Domestic vulnerabilities and reforms. The strategy identifies corruption, inefficient public administration, and weak institutional capacity as primary internal risks, eroding social cohesion, economic performance, and national resilience. Cyberattacks, delays in EU integration for neighbours Moldova and Ukraine, and emerging hybrid threats round out the concerns.

President Dan lambasted bureaucratic inefficiencies: decisions often lack data-driven foundations, information becomes inconsistent within days, and sectors fail to coordinate. “We need to reverse what I mentioned earlier as a weakness – we must have an administration that works with data, with information that remains consistent a week later, and one that integrates the efforts of its various sectors,” he said.

To combat corruption without undermining judicial independence, the strategy proposes accelerating administrative and legislative reforms.

The strategy places the Romanian citizen at its core, as its direct recipient, “a privileged actor and the primary beneficiary of all measures proposed.”

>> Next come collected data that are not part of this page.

lemma binomial_term_pascal:
  assumes x: "x \<in> carrier R" and y: "y \<in> carrier R"
  shows "[(Suc n choose Suc k)] \<cdot> (x [^] Suc k \<otimes> y [^] (n - k))
       = [(n choose k)] \<cdot> (x [^] k \<otimes> y [^] (n - k)) \<otimes> x
         \<oplus> [(n choose Suc k)] \<cdot> (x [^] Suc k \<otimes> y [^] (n - Suc k)) \<otimes> y"
proof -
  have "[(n choose Suc k)] \<cdot> (x [^] Suc k \<otimes> y [^] (n - Suc k)) \<otimes> y
      = [(n choose Suc k)] \<cdot> (x [^] Suc k \<otimes> y [^] (n - k))"
  proof (cases "k < n")
    case True
    then have "y [^] (n - Suc k) \<otimes> y = y [^] (n - k)"
      using y by (simp add: Suc_diff_Suc flip: nat_pow_Suc)
    then show ?thesis using x y by (simp add: add_pow_ldistr m_assoc)
  qed (use x y in \<open>simp add: binomial_eq_0\<close>)
  moreover have "[(n choose k)] \<cdot> (x [^] k \<otimes> y [^] (n - k)) \<otimes> x
      = [(n choose k)] \<cdot> (x [^] Suc k \<otimes> y [^] (n - k))"
    using x y by (simp add: add_pow_ldistr add_pow_rdistr m_ac nat_pow_Suc)
  ultimately show ?thesis using x y by (simp add: add.nat_pow_mult)
qed

lemma binomial_expansion:
  assumes x: "x \<in> carrier R" and y: "y \<in> carrier R"
  shows "(x \<oplus> y) [^] n = (\<Oplus>k\<in>{..n}. [(n choose k)] \<cdot> (x [^] k \<otimes> y [^] (n - k)))"
proof (induction n)
  case 0
  then show ?case using x y by simp
next
  case (Suc n)
  define f where "f m k = [(m choose k)] \<cdot> (x [^] k \<otimes> y [^] (m - k))" for m k
  have f_closed: "f m k \<in> carrier R" for m k using x y by (simp add: f_def)
  then have f_Pi: "f m \<in> A \<rightarrow> carrier R" for m A by simp
  have pascal: "f (Suc n) (Suc k) = f n k \<otimes> x \<oplus> f n (Suc k) \<otimes> y" for k
    using binomial_term_pascal[OF x y, of n k] by (simp add: f_def)
  have "(\<Oplus>k\<in>{..Suc n}. f (Suc n) k) = (\<Oplus>k\<in>{..n}. f (Suc n) (Suc k)) \<oplus> f (Suc n) 0"
    using finsum_Suc2[OF f_Pi] .
  also have "\<dots> = (\<Oplus>k\<in>{..n}. f n k \<otimes> x) \<oplus> ((\<Oplus>k\<in>{..n}. f n (Suc k) \<otimes> y) \<oplus> f n 0 \<otimes> y)"
  proof -
    have "f (Suc n) 0 = f n 0 \<otimes> y" using x y by (simp add: f_def m_ac nat_pow_Suc add_pow_ldistr)
    moreover have "(\<Oplus>k\<in>{..n}. f n k \<otimes> x \<oplus> f n (Suc k) \<otimes> y)
        = (\<Oplus>k\<in>{..n}. f n k \<otimes> x) \<oplus> (\<Oplus>k\<in>{..n}. f n (Suc k) \<otimes> y)"
      using x y f_closed by (intro finsum_addf) auto
    ultimately show ?thesis
      using x y f_closed by (simp add: pascal a_assoc finsum_closed)
  qed
  also have "(\<Oplus>k\<in>{..n}. f n (Suc k) \<otimes> y) \<oplus> f n 0 \<otimes> y = (\<Oplus>k\<in>{..Suc n}. f n k \<otimes> y)"
    using y f_closed by (intro finsum_Suc2[symmetric]) auto
  also have "\<dots> = (\<Oplus>k\<in>{..n}. f n k \<otimes> y)"
    using y f_closed by (simp add: f_def binomial_eq_0)
  also have "(\<Oplus>k\<in>{..n}. f n k \<otimes> x) \<oplus> (\<Oplus>k\<in>{..n}. f n k \<otimes> y) = (x \<oplus> y) [^] n \<otimes> (x \<oplus> y)"
    using x y f_Pi by (simp add: Suc finsum_ldistr r_distr f_def finsum_closed)
  finally show ?case by (simp add: f_def)
qed
lemma pseudo_hyperbolic_dist_le_of_symm_orbit:
  assumes z: "z1 \<in> unit_disc" "z2 \<in> unit_disc"
    and w: "(w1 + w2, w1 * w2) \<in> symm_orbit (z1 + z2, z1 * z2)"
  shows "pseudo_hyperbolic_dist w1 w2 \<le> pseudo_hyperbolic_dist z1 z2"
proof -
  obtain \<phi> where \<phi>: "\<phi> \<in> disc_aut" and "w1 + w2 = \<phi> z1 + \<phi> z2" "w1 * w2 = \<phi> z1 * \<phi> z2"
    using w by (auto simp: symm_orbit_sum_prod[OF z])
  then have "pseudo_hyperbolic_dist w1 w2 = pseudo_hyperbolic_dist (\<phi> z1) (\<phi> z2)"
    using sum_prod_eq_cases[of w1 w2 "\<phi> z1" "\<phi> z2"]
    by (auto simp: pseudo_hyperbolic_dist_commute[of "\<phi> z1"])
  also have "\<dots> \<le> pseudo_hyperbolic_dist z1 z2"
    using \<phi> z by (intro Schwarz_Pick) (auto simp: disc_aut_def bij_betw_def)
  finally show ?thesis .
qed

(* tanh (2 artanh t) and tanh (artanh t / 2) *)
definition hyperbolic_double :: "real \<Rightarrow> real" where
  "hyperbolic_double t = 2 * t / (1 + t * t)"

definition hyperbolic_half :: "real \<Rightarrow> real" where
  "hyperbolic_half t = (1 - sqrt (1 - t * t)) / t"

lemma pseudo_hyperbolic_dist_of_real_0:
  "pseudo_hyperbolic_dist (complex_of_real a) 0 = \<bar>a\<bar>"
  by (simp add: pseudo_hyperbolic_dist_def Moebius_function_of_zero)

lemma pseudo_hyperbolic_dist_of_real_minus:
  assumes "0 \<le> t"
  shows "pseudo_hyperbolic_dist (complex_of_real t) (- complex_of_real t) = hyperbolic_double t"
proof -
  have "pseudo_hyperbolic_dist (complex_of_real t) (complex_of_real (- t))
      = \<bar>(- t - t) / (1 + t * t)\<bar>"
    by (simp only: pseudo_hyperbolic_dist_def Moebius_function_of_real norm_of_real) simp
  also have "\<dots> = hyperbolic_double t"
    using assms by (simp add: hyperbolic_double_def add_nonneg_nonneg)
  finally show ?thesis
    by simp
qed

lemma symm_orbit_real_eq_iff:
  assumes a: "a \<in> {0<..<1}" and t: "t \<in> {0<..<1}"
  shows "symm_orbit (complex_of_real a, 0) = symm_orbit (0, - (complex_of_real t * complex_of_real t))
    \<longleftrightarrow> a = hyperbolic_double t"
proof -
  let ?a = "complex_of_real a" and ?t = "complex_of_real t"
  have disc: "?a \<in> unit_disc" "0 \<in> unit_disc" "?t \<in> unit_disc" "- ?t \<in> unit_disc"
    using a t by (auto simp: unit_disc_def)
  have dist_a: "pseudo_hyperbolic_dist ?a 0 = a"
    and dist_t: "pseudo_hyperbolic_dist ?t (- ?t) = hyperbolic_double t"
    using a t
    by (simp_all add: pseudo_hyperbolic_dist_of_real_0 pseudo_hyperbolic_dist_of_real_minus)
  show ?thesis
  proof
    assume eq: "symm_orbit (?a, 0) = symm_orbit (0, - (?t * ?t))"
    have "(?t + - ?t, ?t * - ?t) \<in> symm_orbit (?a + 0, ?a * 0)"
      using eq symm_orbit_self[OF disc(3,4)] by simp
    then have "hyperbolic_double t \<le> a"
      using pseudo_hyperbolic_dist_le_of_symm_orbit[OF disc(1,2)] dist_a dist_t by metis
    moreover have "(?a + 0, ?a * 0) \<in> symm_orbit (?t + - ?t, ?t * - ?t)"
      using eq symm_orbit_self[OF disc(1,2)] by simp
    then have "a \<le> hyperbolic_double t"
      using pseudo_hyperbolic_dist_le_of_symm_orbit[OF disc(3,4)] dist_a dist_t by metis
    ultimately show "a = hyperbolic_double t"
      by simp
  next
    assume a_eq: "a = hyperbolic_double t"
    have "Moebius_function 0 (- ?t) ?t = ?a" "Moebius_function 0 (- ?t) (- ?t) = 0"
      using a_eq Moebius_function_of_real[of "- t" t]
      by (simp_all add: hyperbolic_double_def Moebius_function_eq_zero)
    then show "symm_orbit (?a, 0) = symm_orbit (0, - (?t * ?t))"
      using symm_orbit_Moebius[of "- ?t", OF _ disc(3,4)] disc by (simp add: unit_disc_def)
  qed
qed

“This document, therefore, is not about the Romanian state itself, but about the fundamental obligations of public institutions toward Romanians,” President Dan emphasised.

Its premises include strengthening liberal democratic values, fully preserving citizens’ rights and freedoms, optimising administration, and adapting institutions to citizens’ expectations. Equally vital are state consolidation through debureaucratisation, digitalisation, and the adoption of new technologies; responsible management of public spending and debt; and applying principles of fair competition and merit-based selection to foster economic freedom and entrepreneurial creativity – “the only genuine sources of community development and individual prosperity.”

“All of this demands a transparent and collaborative approach, with institutions operating on principles of honest and responsible cooperation, open to public scrutiny, thus offering real guarantees that Romania becomes a state resilient to internal and external shocks, capable of responding effectively to new threats and security risks,” Dan noted.

Security challenges

The Romanian president stresses that the strategy provides medium-term responses to a security environment “more dramatic than ever before.” Russia’s aggression against Ukraine “has brought war back to Europe, violently altered borders, and, through the long-abandoned logic of spheres of influence, seeks to redefine continental geopolitical balances.”

“The Russian invasion of Ukraine demands our immediate reaction and the mobilisation of significant resources so that our neighbours can resist the aggression and achieve not just a temporary ceasefire, but a just and lasting peace, in line with international law,” he said.

Russian aggression, with its unpredictable and destabilising effects in the Black Sea region, compounds other threats: rising global geopolitical competition, the return to competing economic and security blocs, trade protectionism, the struggle for control over new technologies and rare metals, and the revolution of artificial intelligence – in both civilian and, even more so, military fields.